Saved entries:
—————
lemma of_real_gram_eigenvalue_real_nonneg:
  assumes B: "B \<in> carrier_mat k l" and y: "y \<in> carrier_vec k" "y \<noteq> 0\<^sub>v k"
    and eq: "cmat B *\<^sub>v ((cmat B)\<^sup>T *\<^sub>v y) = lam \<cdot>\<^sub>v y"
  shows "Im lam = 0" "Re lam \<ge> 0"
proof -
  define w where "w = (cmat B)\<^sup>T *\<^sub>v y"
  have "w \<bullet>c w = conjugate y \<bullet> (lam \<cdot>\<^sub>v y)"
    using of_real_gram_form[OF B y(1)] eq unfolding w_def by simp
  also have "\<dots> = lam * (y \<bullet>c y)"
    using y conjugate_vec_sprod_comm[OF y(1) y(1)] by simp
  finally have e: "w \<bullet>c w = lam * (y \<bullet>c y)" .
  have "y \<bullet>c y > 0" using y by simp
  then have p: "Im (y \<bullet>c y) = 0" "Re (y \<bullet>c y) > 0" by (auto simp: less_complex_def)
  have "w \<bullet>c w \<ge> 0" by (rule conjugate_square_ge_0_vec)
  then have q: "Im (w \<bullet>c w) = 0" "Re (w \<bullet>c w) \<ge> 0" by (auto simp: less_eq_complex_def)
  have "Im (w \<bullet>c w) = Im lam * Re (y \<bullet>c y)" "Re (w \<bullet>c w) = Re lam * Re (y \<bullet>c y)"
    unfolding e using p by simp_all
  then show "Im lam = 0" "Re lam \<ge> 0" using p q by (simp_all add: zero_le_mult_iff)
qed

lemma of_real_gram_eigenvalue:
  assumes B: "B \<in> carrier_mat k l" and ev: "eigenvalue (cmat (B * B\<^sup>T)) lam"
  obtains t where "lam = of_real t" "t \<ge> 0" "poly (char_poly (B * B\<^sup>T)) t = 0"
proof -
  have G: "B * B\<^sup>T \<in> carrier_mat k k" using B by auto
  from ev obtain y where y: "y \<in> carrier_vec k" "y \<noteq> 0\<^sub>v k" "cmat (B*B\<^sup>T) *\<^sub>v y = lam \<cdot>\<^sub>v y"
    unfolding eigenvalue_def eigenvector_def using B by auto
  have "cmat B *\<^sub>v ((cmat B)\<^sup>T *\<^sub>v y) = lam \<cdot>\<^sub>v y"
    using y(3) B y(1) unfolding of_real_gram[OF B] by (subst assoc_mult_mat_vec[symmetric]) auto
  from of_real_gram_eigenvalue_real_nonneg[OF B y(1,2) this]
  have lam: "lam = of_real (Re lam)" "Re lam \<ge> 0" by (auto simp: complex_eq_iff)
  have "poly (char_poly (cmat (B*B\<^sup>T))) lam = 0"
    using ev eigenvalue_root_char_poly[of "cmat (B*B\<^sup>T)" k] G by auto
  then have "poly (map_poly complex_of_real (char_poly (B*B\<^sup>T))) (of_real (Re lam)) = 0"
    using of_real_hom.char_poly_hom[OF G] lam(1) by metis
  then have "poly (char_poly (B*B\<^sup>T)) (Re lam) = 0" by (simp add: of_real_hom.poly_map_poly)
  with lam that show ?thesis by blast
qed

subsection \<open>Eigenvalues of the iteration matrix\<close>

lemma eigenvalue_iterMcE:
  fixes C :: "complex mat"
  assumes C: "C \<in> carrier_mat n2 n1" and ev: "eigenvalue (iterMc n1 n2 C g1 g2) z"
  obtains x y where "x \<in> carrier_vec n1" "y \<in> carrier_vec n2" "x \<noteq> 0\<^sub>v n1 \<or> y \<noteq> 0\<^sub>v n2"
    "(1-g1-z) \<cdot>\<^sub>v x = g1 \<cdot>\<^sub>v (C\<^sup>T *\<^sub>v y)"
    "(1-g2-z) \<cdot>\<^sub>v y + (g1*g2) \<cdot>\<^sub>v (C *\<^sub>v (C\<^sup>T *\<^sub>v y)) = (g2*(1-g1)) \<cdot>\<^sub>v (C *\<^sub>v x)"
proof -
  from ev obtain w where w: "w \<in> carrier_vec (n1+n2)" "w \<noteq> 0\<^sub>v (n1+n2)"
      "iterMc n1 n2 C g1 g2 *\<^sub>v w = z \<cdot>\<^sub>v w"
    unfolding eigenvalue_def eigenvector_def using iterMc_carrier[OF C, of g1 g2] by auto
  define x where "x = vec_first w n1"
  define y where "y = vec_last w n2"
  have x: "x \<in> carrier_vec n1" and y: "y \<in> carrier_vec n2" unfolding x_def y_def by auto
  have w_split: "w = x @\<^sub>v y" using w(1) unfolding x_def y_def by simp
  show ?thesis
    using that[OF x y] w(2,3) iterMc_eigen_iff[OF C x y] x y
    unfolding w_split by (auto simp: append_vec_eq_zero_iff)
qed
—————
**What you need to do:**
Your task for the entries above: copy exactly the span starting with the line with "w = lam * (y" and going on through the line with "(auto simp: less_complex_def)", both lines included, and nothing else.

**Output for this task:**
  finally have e: "w \<bullet>c w = lam * (y \<bullet>c y)" .
  have "y \<bullet>c y > 0" using y by simp
  then have p: "Im (y \<bullet>c y) = 0" "Re (y \<bullet>c y) > 0" by (auto simp: less_complex_def)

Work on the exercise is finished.